髪を一通り鋤き終わり、レイが服を着替える間に適当に珈琲をいれる。短く礼を言いながら珈琲を受けとる頃には、すっかりレイは覚醒していた。
「ユウ、おはよう」
「あぁ」
優雅に長い足を組み、カップを口に運ぶ姿は、それだけで何処か芸術的で絵になる。まるでどこぞの貴族のようだ。
「レイ!おはよう!」
「あぁ、おはよう。リナリー」
「あっもう起きてたの。今日は絶対私の方が早いと思ったんだけどなー」
リナリーは残念そうに頬を膨らませる。実は、誰が朝一でレイの世話をするのか、というのは争奪戦のようになっている。…まぁ、寝起きのふにゃふにゃなレイを見られる機会は中々無いので、この二人だけでなく教団関係者皆が狙っていたりするのだが、如何せん付き合いが最も長く、かつ強いこの二人が主に争っているのである。

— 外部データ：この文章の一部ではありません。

lemma ode_solution_taylor_le:
  fixes y :: "real \<Rightarrow> 'a::real_normed_vector"
  assumes "0 \<le> t"
    and deriv: "\<And>s. s \<in> {0..t} \<Longrightarrow> (y has_vector_derivative V (y s)) (at s)"
    and lip: "L-lipschitz_on K V" and in_K: "\<And>s. s \<in> {0..t} \<Longrightarrow> y s \<in> K"
    and displacement: "\<And>s. s \<in> {0..t} \<Longrightarrow> norm (y s - y 0) \<le> M * s"
  shows "norm (y t - y 0 - t *\<^sub>R V (y 0)) \<le> L * M * t\<^sup>2"
proof -
  have "norm ((\<lambda>s. y s - y 0 - s *\<^sub>R V (y 0)) t - (\<lambda>s. y s - y 0 - s *\<^sub>R V (y 0)) 0)
      \<le> (L * M * t) * (t - 0)"
  proof (rule norm_diff_le_vector_derivative_bound[OF \<open>0 \<le> t\<close>])
    show "((\<lambda>s. y s - y 0 - s *\<^sub>R V (y 0)) has_vector_derivative V (y s) - V (y 0)) (at s)"
      if "s \<in> {0..t}" for s
      using deriv[OF that] by (auto intro!: derivative_eq_intros)
  next
    fix s
    assume s: "s \<in> {0<..<t}"
    have "0 \<le> L"
      using lip lipschitz_on_nonneg by blast
    have "norm (y t - y 0) \<le> M * t"
      using displacement \<open>0 \<le> t\<close> by simp
    then have "0 \<le> M * t"
      by (rule order_trans[OF norm_ge_zero])
    with s have "0 \<le> M"
      by (simp add: zero_le_mult_iff)
    have "norm (V (y s) - V (y 0)) \<le> L * norm (y s - y 0)"
      using lipschitz_onD[OF lip in_K in_K, of s 0] s \<open>0 \<le> t\<close> by (simp add: dist_norm)
    also have "\<dots> \<le> L * (M * s)"
      using displacement[of s] s \<open>0 \<le> L\<close> by (simp add: mult_left_mono)
    also have "\<dots> \<le> L * (M * t)"
      using s \<open>0 \<le> L\<close> \<open>0 \<le> M\<close> by (simp add: mult_left_mono)
    finally show "norm (V (y s) - V (y 0)) \<le> L * M * t"
      by (simp only: mult.assoc)
  qed
  then show ?thesis
    by (simp add: power2_eq_square mult.assoc)
qed
lemma ARX_energy_bound:
  fixes a b :: "nat \<Rightarrow> real"
  assumes stable: "\<And>z::complex. norm z \<le> 1 \<Longrightarrow> 1 + (\<Sum>i=1..p\<^sub>0. complex_of_real (a i) * z ^ i) \<noteq> 0"
    and a_zero: "\<And>i. i > p\<^sub>0 \<Longrightarrow> a i = 0" and b_bound: "\<And>j. \<bar>b j\<bar> \<le> c"
  obtains K where "K \<ge> 0" and "\<And>y u w :: nat \<Rightarrow> real. \<And>N.
     (\<And>n. y n = (\<Sum>i=1..p\<^sub>0. - a i * (if i \<le> n then y (n - i) else 0))
        + (\<Sum>j=1..q\<^sub>0. b j * (if j \<le> n then u (n - j) else 0)) + w n) \<Longrightarrow>
     (\<And>n. \<bar>u n\<bar> \<le> \<delta>) \<Longrightarrow>
     (\<Sum>n<N. (y n)\<^sup>2) \<le> K * (real N + (\<Sum>n<N. (w n)\<^sup>2))"
proof -
  obtain L where "L \<ge> 0" and L: "\<And>y v :: nat \<Rightarrow> real. \<And>N.
     (\<And>n. y n = (\<Sum>i=1..p\<^sub>0. - a i * (if i \<le> n then y (n - i) else 0)) + v n) \<Longrightarrow>
     (\<Sum>n<N. (y n)\<^sup>2) \<le> L * (\<Sum>n<N. (v n)\<^sup>2)"
    using AR_energy_bound[OF stable a_zero] by blast
  show thesis
  proof (rule that[of "L * (2 * (real q\<^sub>0 * c * \<delta>)\<^sup>2 + 2)"])
    show "L * (2 * (real q\<^sub>0 * c * \<delta>)\<^sup>2 + 2) \<ge> 0" using \<open>L \<ge> 0\<close> by simp
    fix y u w :: "nat \<Rightarrow> real" and N
    assume rec: "\<And>n. y n = (\<Sum>i=1..p\<^sub>0. - a i * (if i \<le> n then y (n - i) else 0))
        + (\<Sum>j=1..q\<^sub>0. b j * (if j \<le> n then u (n - j) else 0)) + w n"
      and u_bound: "\<And>n. \<bar>u n\<bar> \<le> \<delta>"
    define x where "x n = (\<Sum>j=1..q\<^sub>0. b j * (if j \<le> n then u (n - j) else 0))" for n
    have "(\<Sum>n<N. (y n)\<^sup>2) \<le> L * (\<Sum>n<N. (x n + w n)\<^sup>2)"
    proof (rule L)
      show "y n = (\<Sum>i=1..p\<^sub>0. - a i * (if i \<le> n then y (n - i) else 0)) + (x n + w n)" for n
        using rec[of n] unfolding x_def by linarith
    qed
    also have "\<dots> \<le> L * ((2 * (real q\<^sub>0 * c * \<delta>)\<^sup>2 + 2) * (real N + (\<Sum>n<N. (w n)\<^sup>2)))"
      unfolding x_def using \<open>L \<ge> 0\<close>
      by (intro mult_left_mono sum_sq_bounded_add_le abs_lagged_sum_le b_bound u_bound)
    finally show "(\<Sum>n<N. (y n)\<^sup>2) \<le> L * (2 * (real q\<^sub>0 * c * \<delta>)\<^sup>2 + 2) * (real N + (\<Sum>n<N. (w n)\<^sup>2))"
      by (simp add: mult.assoc)
  qed
qed
(* Let $g$ solve system (S3) with initial data $h_{ii}>0$, $h_{11}\le h_{22}\le h_{33}$, and suppose $h\in D_S$, i.e. the solution of the planar system (P) starting at $(b_0,c_0)=(h_{00}^{1/3}h_{22},h_{00}^{1/3}h_{33})$ converges to $P_1$. Then the solution exists for all $t\ge 0$ and as $t\to\infty$: $g_{00}\to0$; $g_{11},g_{22},g_{33}\to\infty$; $g_{22}/g_{11}\to4$ and $g_{22}/g_{33}\to1$.
   Context: Let $\det h = h_{00}h_{11}h_{22}h_{33}$, $\beta=\frac{1}{6(\det h)^2}$, $p(x,y,z) = x^4 - x^3(y+z) + x^2yz + x(-y^3+y^2z+yz^2-z^3) + y^4 - y^3z - yz^3 + z^4$, $q(x,y,z) = 5x^4 - 3x^3(y+z) + x^2yz + x(y^3-y^2z-yz^2+z^3) - 3y^4 + 3y^3z + 3yz^3 - 3z^4$, $r(x,y,z) = \tfrac12(p+3q)(x,y,z) = 8x^4-5x^3(y+z)+2x^2yz+x(y^3-y^2z-yz^2+z^3)-4y^4+4y^3z+4yz^3-4z^4$. System (S3): $\dot g_{00} = -\beta\,p(g_{11},g_{22},g_{33})\,g_{00}^3$, $\dot g_{11} = -\beta\,q(g_{11},g_{22},g_{33})\,g_{00}^2g_{11}$, $\dot g_{22} = -\beta\,q(g_{22},g_{33},g_{11})\,g_{00}^2g_{22}$, $\dot g_{33} = -\beta\,q(g_{33},g_{11},g_{22})\,g_{00}^2g_{33}$, $g_{ii}(0)=h_{ii}$ (Bach flow on $\mathbb{R}\times\mathbb{S}^3$ in a diagonalizing frame; $g_{00}g_{11}g_{22}g_{33}=\det h$ is preserved). Set $a=g_{00}^{1/3}g_{11}$, $b=g_{00}^{1/3}g_{22}$, $c=g_{00}^{1/3}g_{33}$, so $abc=\det h$. Under (S3), $(b,c)$ follows, up to a time reparametrization, the planar system (P): $\dot b=-\tfrac23 r(b,a,c)\,b$, $\dot c=-\tfrac23 r(c,a,b)\,c$ with $a=\det h/(bc)$, on the region $a\le b\le c$. $P_0$ is the point $b=c=(\det h)^{1/3}$ (where $a=b=c$), and $P_1$ is the point $b=c=(4\det h)^{1/3}$ (where $4a=b=c$). $D_S$ is the set of initial metrics whose (P)-trajectory converges to $P_1$ (the stable manifold of the saddle $P_1$); $D_\infty$ the set whose (P)-trajectory has $b,c\to\infty$; $D_{L_0}$ the set whose (P)-trajectory converges to $P_0$. *)

theory Defs
  imports "HOL-Analysis.Analysis"
begin
theorem mainTheorem2:
  fixes p t sA sB m k n :: nat
    and A B Chat :: "nat \<Rightarrow> nat \<Rightarrow> real"
  defines "u \<equiv> 2 powr (- real p)"
    and "psi \<equiv> chi sA sB"
    and "kA \<equiv> kappaA m k A" and "kB \<equiv> kappaB k n B"
    and "zeta \<equiv> kappaA m k A / 2 ^ (sA * t) + kappaB k n B / 2 ^ (sB * t)
              + kappaA m k A * kappaB k n B / 2 ^ ((sA + sB) * t)"
  assumes "p \<ge> 2" and "t \<ge> 1" and "sA \<ge> 1" and "sB \<ge> 1"
    and "m \<ge> 1" and "k \<ge> 1" and "n \<ge> 1"
    and A_fp: "\<And>i q. i < m \<Longrightarrow> q < k \<Longrightarrow> A i q \<in> Fp p \<and> A i q \<noteq> 0"
    and B_fp: "\<And>q j. q < k \<Longrightarrow> j < n \<Longrightarrow> B q j \<in> Fp p \<and> B q j \<noteq> 0"
    and exact_conv: "\<And>l h i j. (l, h) \<in> slice_pairs sA sB \<Longrightarrow> i < m \<Longrightarrow> j < n \<Longrightarrow>
          matmul k (sliceA t k A l) (sliceB t k B h) i j \<in> Fp p"
    and computed: "\<And>i j. i < m \<Longrightarrow> j < n \<Longrightarrow> fp_sum p (slice_terms t sA sB k A B i j) (Chat i j)"
    and "real psi * u < 1"
  shows "\<forall>i<m. \<forall>j<n.
     \<bar>matmul k A B i j - Chat i j\<bar> \<le>
       (if sA \<le> sB then
          zeta + real sA * kA * kB / 2 ^ (sB * t)
            + gamma psi u * (1 + zeta + real sA * kA * kB / 2 ^ (sB * t))
        else
          zeta + real sB * kA * kB / 2 ^ (sA * t)
            + gamma psi u * (1 + zeta + real sB * kA * kB / 2 ^ (sA * t)))
       * matmul k (\<lambda>i q. \<bar>A i q\<bar>) (\<lambda>q j. \<bar>B q j\<bar>) i j"
proof (intro allI impI)
  fix i j assume ij: "i < m" "j < n"
  let ?T = "matmul k (\<lambda>i q. \<bar>A i q\<bar>) (\<lambda>q j. \<bar>B q j\<bar>) i j"
  let ?Z = "slicing_error_factor t sA sB kA kB"
  let ?terms = "slice_terms t sA sB k A B i j"
  have nonzero: "\<And>q. q < k \<Longrightarrow> A i q \<noteq> 0" "\<And>q. q < k \<Longrightarrow> B q j \<noteq> 0"
    using A_fp B_fp ij by blast+
  have truncation: "\<bar>matmul k A B i j - sum_mset ?terms\<bar> \<le> ?Z * ?T"
    unfolding kA_def kB_def using ij nonzero by (rule slice_terms_truncation_error)
  have "\<bar>Chat i j - sum_mset ?terms\<bar> \<le> gamma psi u * (\<Sum>x\<in>#?terms. \<bar>x\<bar>)"
    using fp_sum_error_le[OF computed[OF ij]] \<open>real psi * u < 1\<close>
    unfolding u_def psi_def size_slice_terms by simp
  also have "\<dots> \<le> gamma psi u * ?T"
    using sum_abs_slice_terms_le[where A = A and B = B, OF ij \<open>k \<ge> 1\<close> nonzero] \<open>real psi * u < 1\<close>
    by (intro mult_left_mono gamma_nonneg) (simp_all add: u_def)
  finally have rounding: "\<bar>Chat i j - sum_mset ?terms\<bar> \<le> gamma psi u * ?T" .
  have "0 \<le> ?Z * (gamma psi u * ?T)"
    using kappaA_gt_1[where A = A, OF ij(1) \<open>k \<ge> 1\<close> nonzero(1)]
      kappaB_gt_1[where B = B, OF ij(2) \<open>k \<ge> 1\<close> nonzero(2)]
      gamma_nonneg[OF \<open>real psi * u < 1\<close>]
    by (auto intro!: mult_nonneg_nonneg slicing_error_factor_nonneg sum_nonneg
        simp: kA_def kB_def u_def matmul_def)
  with truncation rounding have "\<bar>matmul k A B i j - Chat i j\<bar> \<le> (?Z + gamma psi u * (1 + ?Z)) * ?T"
    by (simp add: algebra_simps abs_le_iff)
  then show "\<bar>matmul k A B i j - Chat i j\<bar> \<le> (if sA \<le> sB then
          zeta + real sA * kA * kB / 2 ^ (sB * t)
            + gamma psi u * (1 + zeta + real sA * kA * kB / 2 ^ (sB * t))
        else
          zeta + real sB * kA * kB / 2 ^ (sA * t)
            + gamma psi u * (1 + zeta + real sB * kA * kB / 2 ^ (sA * t))) * ?T"
    by (cases "sA \<le> sB") (simp_all add: slicing_error_factor_def zeta_def kA_def kB_def add.assoc)
qed
(* Let $S$ be a compact metrizable space, let $\boldsymbol{X} = (X_0, X_1,\dots)$ be a sequence of $S$-valued random variables on a probability space $(\Omega,\mathscr F,\mathbb P)$, and let $\boldsymbol{\xi} = (\xi_0, \xi_1,\dots)$ be a product disintegration of $\boldsymbol{X}$. Let $f\colon S\to\mathbb{R}$ be continuous. Then \[ \mathbb{P}\left(\lim_{n\to\infty} \frac1n\sum_{i=0}^{n-1}\big(f( X_i) - \xi_i(f)\big) = 0\right)= 1. \] In particular, the limit $X_\infty(f)\coloneqq \lim_{n\to\infty} n^{-1}\sum_{i=0}^{n-1}f( X_i)$ exists almost surely if and only if the limit $\xi_\infty(f)\coloneqq \lim_{n\to\infty}n^{-1}\sum_{i=0}^{n-1}\xi_i(f)$ exists almost surely, in which case $X_\infty(f) = \xi_\infty(f)$ almost surely.
   Context: $M_1(S)$ denotes the set of Borel probability measures on $S$, equipped with the weak topology and its Borel $\sigma$-field; a random probability measure on $S$ is a measurable map $\xi\colon\Omega\to M_1(S)$. For $\mu\in M_1(S)$ and $f\in C(S)$, $\mu(f)\coloneqq\int_S f\,d\mu$. A sequence $\boldsymbol\xi=(\xi_0,\xi_1,\dots)$ of random probability measures on $S$ is a product disintegration of $\boldsymbol X$ if, with probability one, $\mathbb{P}[X_0\in A_0,\dots,X_n\in A_n\mid \boldsymbol{\xi}] = \xi_0(A_0)\cdots\xi_n(A_n)$ holds simultaneously for every $n\ge 0$ and every family $A_0,\dots,A_n$ of Borel subsets of $S$ (conditioning is on $\sigma(\boldsymbol\xi)$). *)

theory Defs
  imports "HOL-Probability.Probability"
begin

「レイ。リーバー班長がね、探索部隊用の新しい武器について話聞きたいって。朝食後でも良いらしいんだけどどうする?」
「わかった。今行く。ユウは先に朝食にしていろ」
「……チッ」
三人は仲良く連れだって部屋を後にする。そんな微笑ましい、何でもない日常の朝である。